Avec les évo­lu­tions tech­no­lo­giques, le tra­vail était de plus en plus assu­mé par des machines en lieu et place des sala­riés. La sup­pres­sion des postes de tra­vail, donc de salaires, donc de coti­sa­tions sociales, allaient conduire assez rapi­de­ment à un dés­équi­libre d’autant plus que l’espérance de vie aug­men­tant, les retrai­tés deve­naient plus nombreux.

La plu­part des démo­graphes sérieux ne nient pas une évo­lu­tion de ce type, mais ajoutent aus­si­tôt qu’il est très dif­fi­cile, voire impos­sible, de faire des pro­jec­tions en la matière sur le « temps long ». C’est pour­tant ce que le gou­ver­ne­ment fait pour dra­ma­ti­ser l’avenir du sys­tème par répar­ti­tion et évo­quer sa disparition.

Le Conseil d’Orientation des Retraites (COR) annonce dans son rap­port, que le pro­blème des retraites n’est pas lié aux dépenses mais aux res­sources. C’est donc bien ce vec­teur qu’il faut action­ner pour réa­li­ser une réforme juste.

Le sys­tème par répar­ti­tion a donc cette facul­té de pou­voir ajus­ter son fonc­tion­ne­ment en inté­grant les trans­for­ma­tions dans le monde du tra­vail.
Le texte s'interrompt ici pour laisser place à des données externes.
(* Let $\Pi=(\mathsf A,\mathsf B)$ be a protocol and $z\in\mathbb N$. Then (1) $C^{\mathsf A,z}_\Pi$ is a measure over the $1$-leaves of $\Pi$: $C^{\mathsf A,z}_\Pi(\ell)\in[0,1]$ for every leaf $\ell$, and $C^{\mathsf A,z}_\Pi(\ell)=0$ whenever $\chi_\Pi(\ell)=0$; and (2) $\mathbb E_{\ell\leftarrow L_\Pi}[C^{\mathsf A,z}_\Pi(\ell)]=\sum_{j=0}^{z}\alpha_j\prod_{t=0}^{j-1}(1-\beta_t)(1-\alpha_t)$, where $\alpha_j=1-\mathrm{Best}_{\mathsf B}(\Pi_{(\mathsf A,j)})$, $\beta_j=1-\mathrm{Best}_{\mathsf A}(\Pi_{(\mathsf B,j)})$, and $\mathrm{Best}_{\mathsf A}(\perp)=\mathrm{Best}_{\mathsf B}(\perp)=1$.
   Context: Protocols are $m$-round single-bit-message protocols identified with the complete binary tree of height $m$, with control scheme, edge probabilities $e_\Pi(u,ub)$, output $\chi_\Pi:\text{leaves}\to\{0,1\}$, visit probabilities $v_\Pi(u)$, leaf distribution $L_\Pi$; $\Pi_u$ is the subprotocol under node $u$ (or $\perp$ if $v_\Pi(u)=0$); expectations over $L_\perp$ are $0$; $\mathbb E_{L_{\Pi_u}}[M]$ is the expectation of the restriction of $M$ to leaves under $u$. $\mathsf A$-dominated measure $M^{\mathsf A}_\Pi$: for a 0-round protocol with leaf $\ell$, $M^{\mathsf A}_\Pi(\ell)=\chi_\Pi(\ell)$; otherwise for a leaf with first bit $b$, with $\mu_c=\mathbb E_{L_{\Pi_c}}[M^{\mathsf A}_{\Pi_c}]$: value $0$ if $e_\Pi(\lambda,b)=0$; $M^{\mathsf A}_{\Pi_b}(\ell)$ if $e_\Pi(\lambda,b)=1$, or if $e_\Pi(\lambda,b)\in(0,1)$ and ($\mathsf A$ controls the root or $\mu_b\le\mu_{1-b}$); $\frac{\mu_{1-b}}{\mu_b}M^{\mathsf A}_{\Pi_b}(\ell)$ otherwise. The $\mathsf B$-dominated measure $M^{\mathsf B}_\Pi$ is defined identically with $\mathsf A,\mathsf B$ exchanged and with base case $M^{\mathsf B}_\Pi(\ell)=1-\chi_\Pi(\ell)$. $M^{\mathsf A}_\perp,M^{\mathsf B}_\perp$ are the zero measure. Conditional protocol: for $\mathbb E_{L_\Pi}[M]<1$, $\Pi|_M$ has the same control and output and $e_{\Pi|_M}(u,ub)=0$ if $\mathbb E_{L_{\Pi_u}}[M]=1$, else $e_\Pi(u,ub)\frac{1-\mathbb E_{L_{\Pi_{ub}}}[M]}{1-\mathbb E_{L_{\Pi_u}}[M]}$; if $\mathbb E_{L_\Pi}[M]=1$ or $\Pi=\perp$, $\Pi|_M=\perp$. Sequence: $\Pi_{(\mathsf A,0)}=\Pi$, $\Pi_{(\mathsf B,j)}=\Pi_{(\mathsf A,j)}|_{M^{\mathsf A}_{\Pi_{(\mathsf A,j)}}}$, $\Pi_{(\mathsf A,j+1)}=\Pi_{(\mathsf B,j)}|_{M^{\mathsf B}_{\Pi_{(\mathsf B,j)}}}$. $C^{\mathsf A,z}_\Pi=\sum_{j=0}^z M^{\mathsf A}_{\Pi_{(\mathsf A,j)}}\prod_{t=0}^{j-1}(1-M^{\mathsf A}_{\Pi_{(\mathsf A,t)}})$ (pointwise on leaves). Valid attackers: deterministic strategies that never reach nodes unreachable in the honest protocol; $\mathrm{Best}_{\mathsf A}(\Pi')$ is the max over valid $\mathsf A'$ of the expected output of $(\mathsf A',\mathsf B)$, and $\mathrm{Best}_{\mathsf B}(\Pi')$ is the max over valid $\mathsf B'$ of $1$ minus the expected output of $(\mathsf A,\mathsf B')$. *)

theory Defs
  imports Complex_Main
begin

text \<open>An m-round single-bit-message protocol, identified with the complete binary
tree of height m. Nodes are bit strings (bool lists) of length at most m,
the root is the empty list and the children of u are u @ [b].
ctrlA u: True iff party A controls node u (False: B controls it).
edge u b: the edge probability e(u, u b).
out l: the output chi(l) of leaf l (True = 1, False = 0).\<close>

record proto =
  rounds :: nat
  ctrlA  :: "bool list \<Rightarrow> bool"
  edge   :: "bool list \<Rightarrow> bool \<Rightarrow> real"
  out    :: "bool list \<Rightarrow> bool"

definition valid_proto :: "proto \<Rightarrow> bool" where
  "valid_proto P \<longleftrightarrow>
     (\<forall>u. length u < rounds P \<longrightarrow>
        (\<forall>b. 0 \<le> edge P u b) \<and> edge P u False + edge P u True = 1)"

definition leaves :: "proto \<Rightarrow> bool list set" where
  "leaves P = {l. length l = rounds P}"

definition vis :: "proto \<Rightarrow> bool list \<Rightarrow> real" where
  "vis P u = (\<Prod>i<length u. edge P (take i u) (u ! i))"

text \<open>Expectation of a measure over the leaf distribution; None plays the role of bottom.\<close>
definition expect :: "proto option \<Rightarrow> (bool list \<Rightarrow> real) \<Rightarrow> real" where
  "expect Q M = (case Q of None \<Rightarrow> 0
                 | Some P \<Rightarrow> (\<Sum>l\<in>leaves P. vis P l * M l))"

definition sub :: "proto \<Rightarrow> bool list \<Rightarrow> proto option" where
  "sub P u = (if vis P u = 0 then None else
      Some \<lparr> rounds = rounds P - length u,
             ctrlA = (\<lambda>w. ctrlA P (u @ w)),
             edge = (\<lambda>w b. edge P (u @ w) b),
             out = (\<lambda>w. out P (u @ w)) \<rparr>)"

definition expect_under :: "proto \<Rightarrow> bool list \<Rightarrow> (bool list \<Rightarrow> real) \<Rightarrow> real" where
  "expect_under P u M = expect (sub P u) (\<lambda>w. M (u @ w))"

text \<open>Dominated measures. Party p: True = A, False = B.
  domM_aux p n P is the p-dominated measure of an n-round protocol P.\<close>
primrec domM_aux :: "bool \<Rightarrow> nat \<Rightarrow> proto \<Rightarrow> bool list \<Rightarrow> real" where
  "domM_aux p 0 P l = (if out P l = p then 1 else 0)"
| "domM_aux p (Suc n) P l =
     (let b = hd l;
          Mb = (case sub P [b] of None \<Rightarrow> (\<lambda>_. 0) | Some Q \<Rightarrow> domM_aux p n Q);
          Mo = (case sub P [\<not> b] of None \<Rightarrow> (\<lambda>_. 0) | Some Q \<Rightarrow> domM_aux p n Q);
          \<mu>b = expect (sub P [b]) Mb;
          \<mu>o = expect (sub P [\<not> b]) Mo;
          e = edge P [] b
      in if e = 0 then 0
         else if e = 1 \<or> ctrlA P [] = p \<or> \<mu>b \<le> \<mu>o then Mb (tl l)
         else \<mu>o / \<mu>b * Mb (tl l))"

definition domM :: "bool \<Rightarrow> proto option \<Rightarrow> bool list \<Rightarrow> real" where
  "domM p Q = (case Q of None \<Rightarrow> (\<lambda>_. 0) | Some P \<Rightarrow> domM_aux p (rounds P) P)"

definition cond :: "proto option \<Rightarrow> (bool list \<Rightarrow> real) \<Rightarrow> proto option" where
  "cond Q M = (case Q of None \<Rightarrow> None
     | Some P \<Rightarrow>
        (if expect (Some P) M \<ge> 1 then None
         else Some (P\<lparr> edge := (\<lambda>u b.
                 if expect_under P u M = 1 then 0
                 else edge P u b * (1 - expect_under P (u @ [b]) M)
                        / (1 - expect_under P u M)) \<rparr>)))"

primrec seqA :: "proto \<Rightarrow> nat \<Rightarrow> proto option" where
  "seqA P 0 = Some P"
| "seqA P (Suc j) =
     (let Q = cond (seqA P j) (domM True (seqA P j)) in cond Q (domM False Q))"

definition seqB :: "proto \<Rightarrow> nat \<Rightarrow> proto option" where
  "seqB P j = cond (seqA P j) (domM True (seqA P j))"

definition CA :: "proto \<Rightarrow> nat \<Rightarrow> bool list \<Rightarrow> real" where
  "CA P z l = (\<Sum>j\<le>z. domM True (seqA P j) l *
                        (\<Prod>t<j. 1 - domM True (seqA P t) l))"

text \<open>Attacks: party p replaced by the deterministic strategy sigma (choosing the bit
sigma u at every node u it controls); the other party stays honest.\<close>
definition attack :: "proto \<Rightarrow> bool \<Rightarrow> (bool list \<Rightarrow> bool) \<Rightarrow> proto" where
  "attack P p \<sigma> = P\<lparr> edge := (\<lambda>u b. if ctrlA P u = p
                                    then (if \<sigma> u = b then 1 else 0)
                                    else edge P u b) \<rparr>"

definition valid_attack :: "proto \<Rightarrow> bool \<Rightarrow> (bool list \<Rightarrow> bool) \<Rightarrow> bool" where
  "valid_attack P p \<sigma> \<longleftrightarrow>
     (\<forall>u. length u \<le> rounds P \<longrightarrow> vis (attack P p \<sigma>) u > 0 \<longrightarrow> vis P u > 0)"

definition out_exp :: "proto \<Rightarrow> real" where
  "out_exp P = (\<Sum>l\<in>leaves P. vis P l * (if out P l then 1 else 0))"

definition BestA :: "proto option \<Rightarrow> real" where
  "BestA Q = (case Q of None \<Rightarrow> 1
     | Some P \<Rightarrow> Sup {out_exp (attack P True \<sigma>) | \<sigma>. valid_attack P True \<sigma>})"

definition BestB :: "proto option \<Rightarrow> real" where
  "BestB Q = (case Q of None \<Rightarrow> 1
     | Some P \<Rightarrow> Sup {1 - out_exp (attack P False \<sigma>) | \<sigma>. valid_attack P False \<sigma>})"

definition alpha :: "proto \<Rightarrow> nat \<Rightarrow> real" where
  "alpha P j = 1 - BestB (seqA P j)"

definition beta :: "proto \<Rightarrow> nat \<Rightarrow> real" where
  "beta P j = 1 - BestA (seqB P j)"

end

theory Submission
  imports Defs
begin

text \<open>For an honestly played protocol, the expectation of the p-dominated measure equals the
  least probability of output p that the opponent of p can enforce by a valid attack. At a node
  controlled by p both quantities average over the honest edges; at a node of the opponent the
  measure rescales the heavier child so that both children carry the smaller of the two subtree
  values, which is what a best attacker picks. Hence alpha j and beta j are the expectations of
  the A-dominated measure of Pi_(A,j) and of the B-dominated measure of Pi_(B,j).

  Conditioning on a measure M reweights each leaf l by (1 - M l) / (1 - E[M]), so that
  E[(1 - M) g] = (1 - E[M]) E_(Pi|M)[g]. A-dominated measures vanish on 0-leaves and B-dominated
  ones on 1-leaves, so the j-th summand of C^(A,z) may be multiplied by the factors 1 - M^B_t for
  t < j; conditioning twice per round then turns its expectation into
  alpha j * prod_(t<j) (1 - beta t) (1 - alpha t). Part (1) is the telescoping identity
  C^(A,z) = 1 - prod_(t<=z) (1 - M^A_t).\<close>

section \<open>Subtrees and visit probabilities\<close>

definition subtree :: "proto \<Rightarrow> bool list \<Rightarrow> proto" where
  "subtree P u = \<lparr> rounds = rounds P - length u,
                   ctrlA = (\<lambda>w. ctrlA P (u @ w)),
                   edge = (\<lambda>w b. edge P (u @ w) b),
                   out = (\<lambda>w. out P (u @ w)) \<rparr>"
lemma linear_avg: "linear L \<Longrightarrow> L (avg n F) = avg n (\<lambda>i. L (F i))"
  by (simp add: avg_def linear_scale linear_sum)

lemma avg_diff: "avg n F - avg n G = avg n (\<lambda>i. F i - G i)"
  by (simp add: avg_def sum_subtractf scaleR_diff_right)

lemma norm_avg_le:
  assumes "n \<ge> 1" and "\<forall>i\<in>{1..n}. norm (F i) \<le> c"
  shows "norm (avg n F) \<le> c"
proof -
  have "norm (\<Sum>i\<in>{1..n}. F i) \<le> real n * c"
    using sum_norm_le[of "{1..n}" F "\<lambda>_. c"] assms(2) by simp
  then show ?thesis
    using assms(1) by (simp add: avg_def field_simps)
qed

lemma has_derivative_avg:
  assumes "\<forall>i\<in>{1..n}. (F i has_derivative F' i) (at y)"
  shows "((\<lambda>y. avg n (\<lambda>i. F i y)) has_derivative (\<lambda>h. avg n (\<lambda>i. F' i h))) (at y)"
  unfolding avg_def using assms by (intro has_derivative_scaleR_right has_derivative_sum) auto

lemma abs_trilin_avg_diff_le:
  assumes "n \<ge> 1" and "\<forall>i\<in>{1..n}. tnorm3 (F i - F' i) \<le> L"
  shows "\<bar>trilin (avg n F - avg n F') a b c\<bar> \<le> L * norm a * norm b * norm c"
proof -
  have "\<bar>trilin (F i - F' i) a b c\<bar> \<le> L * norm a * norm b * norm c" if "i \<in> {1..n}" for i
    using abs_trilin_le[of "F i - F' i" a b c] assms(2) that
    by (meson mult_right_mono norm_ge_zero order_trans zero_le_mult_iff)
  then show ?thesis
    using norm_avg_le[OF assms(1), of "\<lambda>i. trilin (F i - F' i) a b c"]
    by (simp add: avg_diff linear_avg[OF linear_trilin])
qed

lemma has_real_derivative_inner_along_line:
  assumes "(F has_derivative F') (at (x + t *\<^sub>R s))"
  shows "((\<lambda>t. w \<bullet> F (x + t *\<^sub>R s)) has_real_derivative w \<bullet> F' s) (at t)"
proof -
  have "((\<lambda>t. F (x + t *\<^sub>R s)) has_derivative (\<lambda>h. F' (h *\<^sub>R s))) (at t)"
  proof (rule has_derivative_compose[of "\<lambda>t. x + t *\<^sub>R s" _ t UNIV F F'])
    show "((\<lambda>t. x + t *\<^sub>R s) has_derivative (\<lambda>h. h *\<^sub>R s)) (at t)"
      by (auto intro!: derivative_eq_intros)
  qed (use assms in simp)
  then have "((\<lambda>t. w \<bullet> F (x + t *\<^sub>R s)) has_derivative (\<lambda>h. w \<bullet> F' (h *\<^sub>R s))) (at t)"
    by (rule bounded_linear.has_derivative[OF bounded_linear_inner_right])
  moreover have "(\<lambda>h. w \<bullet> F' (h *\<^sub>R s)) = (\<lambda>h. (w \<bullet> F' s) * h)"
    using linear_scale[OF has_derivative_linear[OF assms]] by (auto simp: mult.commute)
  ultimately show ?thesis
    by (simp add: has_field_derivative_def)
qed

lemma taylor2_remainder_le:
  fixes p0 p1 p2 :: "real \<Rightarrow> real"
  assumes "\<And>t. (p0 has_real_derivative p1 t) (at t)"
    and "\<And>t. (p1 has_real_derivative p2 t) (at t)"
    and p2_lip: "\<And>t. 0 \<le> t \<Longrightarrow> t \<le> 1 \<Longrightarrow> \<bar>p2 t - p2 0\<bar> \<le> K * t"
  shows "\<bar>p0 1 - p0 0 - p1 0 - p2 0 / 2\<bar> \<le> K / 2"
proof -
  define df where "df m = [p0, p1, p2] ! m" for m
  have "\<forall>m t. m < 2 \<and> 0 \<le> t \<and> t \<le> 1 \<longrightarrow> (df m has_real_derivative df (Suc m) t) (at t)"
    using assms(1,2) by (auto simp: df_def less_2_cases_iff)
  then obtain t where t: "0 < t" "t < 1"
    and "p0 1 = (\<Sum>m<2. df m 0 / fact m * 1 ^ m) + df 2 t / fact 2 * 1 ^ 2"
    using Maclaurin[of 1 2 df p0] by (auto simp: df_def)
  then have remainder: "p0 1 - p0 0 - p1 0 - p2 0 / 2 = (p2 t - p2 0) / 2"
    by (simp add: df_def numeral_2_eq_2)
  have "K \<ge> 0"
    using p2_lip[of 1] by simp
  then have "\<bar>p2 t - p2 0\<bar> \<le> K"
    using p2_lip[of t] t mult_left_le[of t K] by simp
  then show ?thesis
    unfolding remainder by simp
qed

lemma taylor_remainder_le:
  fixes G :: "real^'d \<Rightarrow> real^'d" and H :: "real^'d \<Rightarrow> real^'d^'d"
    and T :: "real^'d \<Rightarrow> real^'d^'d^'d"
  assumes G': "\<And>y. (G has_derivative (\<lambda>h. H y *v h)) (at y)"
    and H': "\<And>y. (H has_derivative (\<lambda>h. tdir (T y) h)) (at y)"
    and T_lip: "\<And>y a b c. \<bar>trilin (T y - T x) a b c\<bar> \<le> L * norm (y - x) * norm a * norm b * norm c"
    and "0 \<le> L"
  shows "norm (G (x + s) - G x - H x *v s - (1/2) *\<^sub>R tsq (T x) s) \<le> L / 2 * norm s ^ 3"
proof -
  define r where "r = G (x + s) - G x - H x *v s - (1/2) *\<^sub>R tsq (T x) s"
  \<comment> \<open>Expanding \<open>G\<close> along the segment tested against \<open>r\<close> itself gives \<open>\<parallel>r\<parallel>\<^sup>2\<close>.\<close>
  define p0 where "p0 t = r \<bullet> G (x + t *\<^sub>R s)" for t
  define p1 where "p1 t = r \<bullet> (H (x + t *\<^sub>R s) *v s)" for t
  define p2 where "p2 t = trilin (T (x + t *\<^sub>R s)) r s s" for t
  have "(p0 has_real_derivative p1 t) (at t)" for t
    unfolding p0_def p1_def by (rule has_real_derivative_inner_along_line[OF G'])
  moreover have "(p1 has_real_derivative p2 t) (at t)" for t
  proof -
    have "bounded_linear (\<lambda>M::real^'d^'d. M *v s)"
      using linear_matrix_vector_mult_left by (rule linear_conv_bounded_linear[THEN iffD1])
    from bounded_linear.has_derivative[OF this H']
    have "((\<lambda>y. H y *v s) has_derivative (\<lambda>h. tdir (T y) h *v s)) (at y)" for y .
    then show ?thesis
      unfolding p1_def p2_def inner_tdir[symmetric]
      by (rule has_real_derivative_inner_along_line)
  qed
  moreover have "\<bar>p2 t - p2 0\<bar> \<le> (L * norm r * norm s ^ 3) * t" if "0 \<le> t" for t
    using T_lip[of "x + t *\<^sub>R s" r s s] that
    by (simp add: p2_def linear_diff[OF linear_trilin, symmetric] power3_eq_cube mult_ac)
  ultimately have "\<bar>p0 1 - p0 0 - p1 0 - p2 0 / 2\<bar> \<le> L * norm r * norm s ^ 3 / 2"
    by (rule taylor2_remainder_le)
  moreover have "p0 1 - p0 0 - p1 0 - p2 0 / 2 = norm r ^ 2"
    unfolding p0_def p1_def p2_def inner_tsq[symmetric] power2_norm_eq_inner
    by (simp add: r_def inner_diff_right)
  ultimately have "norm r * norm r \<le> norm r * (L / 2 * norm s ^ 3)"
    by (simp add: power2_eq_square mult_ac)
  then show ?thesis
    unfolding r_def[symmetric] using \<open>0 \<le> L\<close>
    by (cases "r = 0") auto
qed

lemma norm_grad_le_model_errors:
  assumes samp: "sampling_cond \<epsilon> kg kb kt g B T G H TT"
    and taylor: "norm (G1 - G - H *v s - (1/2) *\<^sub>R tsq TT s) \<le> R"
    and "0 \<le> \<sigma>"
  shows "norm G1 \<le> R + kg * \<epsilon> + kb * \<epsilon> powr (2/3) * norm s + kt / 2 * \<epsilon> powr (1/3) * norm s ^ 2
                    + norm (model_grad g B T \<sigma> s) + \<sigma> * norm s ^ 3"
proof -
  have "G1 = (G1 - G - H *v s - (1/2) *\<^sub>R tsq TT s) - (g - G) - (B - H) *v s
             - (1/2) *\<^sub>R (tsq T s - tsq TT s) + model_grad g B T \<sigma> s - (\<sigma> * norm s ^ 2) *\<^sub>R s"
    by (simp add: model_grad_def matrix_vector_mult_diff_rdistrib algebra_simps)
  also have "norm \<dots> \<le> norm (G1 - G - H *v s - (1/2) *\<^sub>R tsq TT s) + norm (g - G) + norm ((B - H) *v s)
             + norm ((1/2) *\<^sub>R (tsq T s - tsq TT s)) + norm (model_grad g B T \<sigma> s)
             + norm ((\<sigma> * norm s ^ 2) *\<^sub>R s)"
    by (intro order.trans[OF norm_triangle_ineq4] order.trans[OF norm_triangle_ineq]
        add_mono order_refl)
  also have "norm ((\<sigma> * norm s ^ 2) *\<^sub>R s) = \<sigma> * norm s ^ 3"
    using \<open>0 \<le> \<sigma>\<close> by (simp add: power3_eq_cube power2_eq_square)
  finally have "norm G1 \<le> norm (G1 - G - H *v s - (1/2) *\<^sub>R tsq TT s) + norm (g - G)
      + norm ((B - H) *v s) + norm ((1/2) *\<^sub>R (tsq T s - tsq TT s))
      + norm (model_grad g B T \<sigma> s) + \<sigma> * norm s ^ 3" .
  moreover have "norm (g - G) \<le> kg * \<epsilon>"
    and "norm ((B - H) *v s) \<le> kb * \<epsilon> powr (2/3) * norm s"
    and "norm ((1/2) *\<^sub>R (tsq T s - tsq TT s)) \<le> kt / 2 * \<epsilon> powr (1/3) * norm s ^ 2"
    using samp unfolding sampling_cond_def by auto
  ultimately show ?thesis
    using taylor by linarith
qed
lemma parent_black_if_not_maximal:
  assumes "mono_subtree t u Bk" and "\<not> maximal_subtree t u Bk"
  shows "u \<noteq> [] \<and> tcolour (subtree t (butlast u)) = Bk"
proof -
  obtain q where q: "strict_prefix q u" "mono_subtree t q Bk"
    using assms unfolding maximal_subtree_def by blast
  then have "u \<noteq> []"
    by auto
  then have "prefix q (butlast u)"
    using q(1) by (metis append_butlast_last_id prefix_snoc strict_prefix_def)
  then obtain w where "butlast u = q @ w"
    by (auto simp: prefix_def)
  moreover have "butlast u \<in> positions t"
    using assms(1) \<open>u \<noteq> []\<close> append_in_positions_iff unfolding mono_subtree_Bk_iff
    by (metis append_butlast_last_id)
  ultimately show ?thesis
    using q(2) \<open>u \<noteq> []\<close> tcolour_subtree_Bk append_in_positions_iff subtree_append
    unfolding mono_subtree_Bk_iff by metis
qed

theorem lemma2:
  fixes T :: tree and u v :: "bool list"
  assumes "card (max_black_roots T) > 1"
    and "is_spr T u v"
    and "spr_class T u v \<in> {(Bk, Bt, Wh, y) | y. True} \<union> {(Bk, Bt, Bk, y) | y. True}
                            \<union> {(Bk, Bt, Gr, y) | y. True}"
  shows "\<not> compatible (spr T u v)"
proof -
  have u: "u \<in> positions T" "node_colour T u = Bk" "node_kind T u = Bt"
    using assms(2,3) unfolding is_spr_def spr_class_def by auto
  then have "mono_subtree T u Bk" "\<not> maximal_subtree T u Bk"
    unfolding mono_subtree_Bk_iff node_colour_def node_kind_def by auto
  then have "u \<noteq> []" "tcolour (subtree T (butlast u)) = Bk"
    using parent_black_if_not_maximal by blast+
  then have pruned: "black_count (prune T u) = black_count T"
    using black_count_prune u(1) by blast
  obtain v' where v': "v' \<in> positions (prune T u)"
    and spr: "spr T u v = graft_above (prune T u) v' (subtree T u)"
    using spr_eq_graft_above_prune[OF assms(2)] .
  have "black_count (prune T u) \<le> black_count (spr T u v)"
    unfolding spr using black_count_graft_above[OF v'] u(2) unfolding node_colour_def by blast
  then show ?thesis
    using assms(1) pruned unfolding compatible_def card_max_black_roots by simp
qed

end
lemma cov_mats_pos_def:
  assumes g: "g \<in> cov_mats n" and v: "v \<in> carrier_vec (2*n)" and nz: "v \<noteq> 0\<^sub>v (2*n)"
  shows "0 < Re (hform (2*n) (cmat g) v v)"
proof (rule ccontr)
  let ?K = "i_sympl n"
  assume "\<not> ?thesis"
  then have zero: "Re (hform (2*n) (cmat g) v v) = 0" "Re (hform (2*n) ?K v v) = 0"
    using cov_mats_hform_bound[OF g v] by linarith+
  have G: "cmat g \<in> carrier_mat (2*n) (2*n)" using cov_mats_carrier[OF g] by simp
  have "cpx_psd (2*n) (cmat g + ?K)" "cpx_psd (2*n) (cmat g - ?K)"
    using g unfolding cov_mats_def plus_i_sigma_eq minus_i_sigma_eq by auto
  then have "(cmat g + ?K) *\<^sub>v v = 0\<^sub>v (2*n)" "(cmat g - ?K) *\<^sub>v v = 0\<^sub>v (2*n)"
    using zero G v by (auto intro!: cpx_psd_kernel simp: hform_add hform_diff)
  then have sum: "cmat g *\<^sub>v v + ?K *\<^sub>v v = 0\<^sub>v (2*n)"
    and diff: "cmat g *\<^sub>v v - ?K *\<^sub>v v = 0\<^sub>v (2*n)"
    using G v by (simp_all add: add_mult_distrib_mat_vec minus_mult_distrib_mat_vec)
  have Kv: "?K *\<^sub>v v = 0\<^sub>v (2*n)"
  proof (rule eq_vecI)
    fix l assume "l < dim_vec (0\<^sub>v (2*n) :: complex vec)"
    then have l: "l < 2*n" by simp
    have "(?K *\<^sub>v v) $ l = ((cmat g *\<^sub>v v + ?K *\<^sub>v v) $ l - (cmat g *\<^sub>v v - ?K *\<^sub>v v) $ l) / 2"
      using G v l by simp
    also have "\<dots> = 0\<^sub>v (2*n) $ l" unfolding sum diff using l by simp
    finally show "(?K *\<^sub>v v) $ l = 0\<^sub>v (2*n) $ l" .
  qed simp
  have "v = (?K * ?K) *\<^sub>v v" using v by (simp add: i_sympl_mult_i_sympl)
  also have "\<dots> = 0\<^sub>v (2*n)"
    unfolding assoc_mult_mat_vec[OF i_sympl_carrier i_sympl_carrier v] Kv
    using i_sympl_carrier[of n] by auto
  finally show False using nz by simp
qed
Moins de sala­riés conduit à moins de coti­sa­tions sociales ? Oui, et alors ? Grâce à la moder­ni­sa­tion et main­te­nant aux tech­no­lo­gies du numé­rique, la pro­duc­ti­vi­té du tra­vail a explo­sé. Et le fruit de cette aug­men­ta­tion est allé prio­ri­tai­re­ment aux res­sources du capital.

Com­ment com­pen­ser dès lors le recul des coti­sa­tions sociales liées aux sup­pres­sions d’emplois, à une pré­ca­ri­té du sala­riat ? Il suf­fit d’élargir l’assiette des coti­sa­tions sociales plus for­te­ment aux reve­nus du capi­tal qui res­tent, qu’on le veuille ou non, le fruit du tra­vail. Même s’il est réa­li­sé par les robots ! C’est cette piste qu’il faut explo­rer pour équi­li­brer dura­ble­ment le sys­tème par répartition.

Ce que pro­pose le gou­ver­ne­ment dans sa réforme, c’est un che­min royal vers un sys­tème par capi­ta­li­sa­tion : ne dit-on pas que le fonds de pen­sion Bla­ckRock à son rond de ser­viette à l’Élysée au même titre que d’autres cabi­nets de conseil ? Et Bla­ckRock manœuvre de moins en moins dis­crè­te­ment pour récu­pé­rer en par­tie ou en tota­li­té, les 15 % du PIB que la France consacre aux retraites.

Le site « MrMon­dia­li­sa­tion » découvre un coin du voile : « Le lien entre ce fonds d’investissement amé­ri­cain et le sys­tème de retraites fran­çais n’est pas évident à pre­mière vue et pour­tant,cette réforme est l’occasion idéale pour rame­ner de nou­veaux clients auprès du ges­tion­naire mul­ti­na­tio­nal. Plus pré­ci­sé­ment : si un gou­ver­ne­ment dimi­nue les coti­sa­tions pour la retraite et donc les sommes ver­sées aux per­sonnes concer­nées,il incite les épar­gnants des classes supé­rieures à se tour­ner vers des fonds de pla­ce­ments pri­vés et Bla­ckRock l’a bien compris.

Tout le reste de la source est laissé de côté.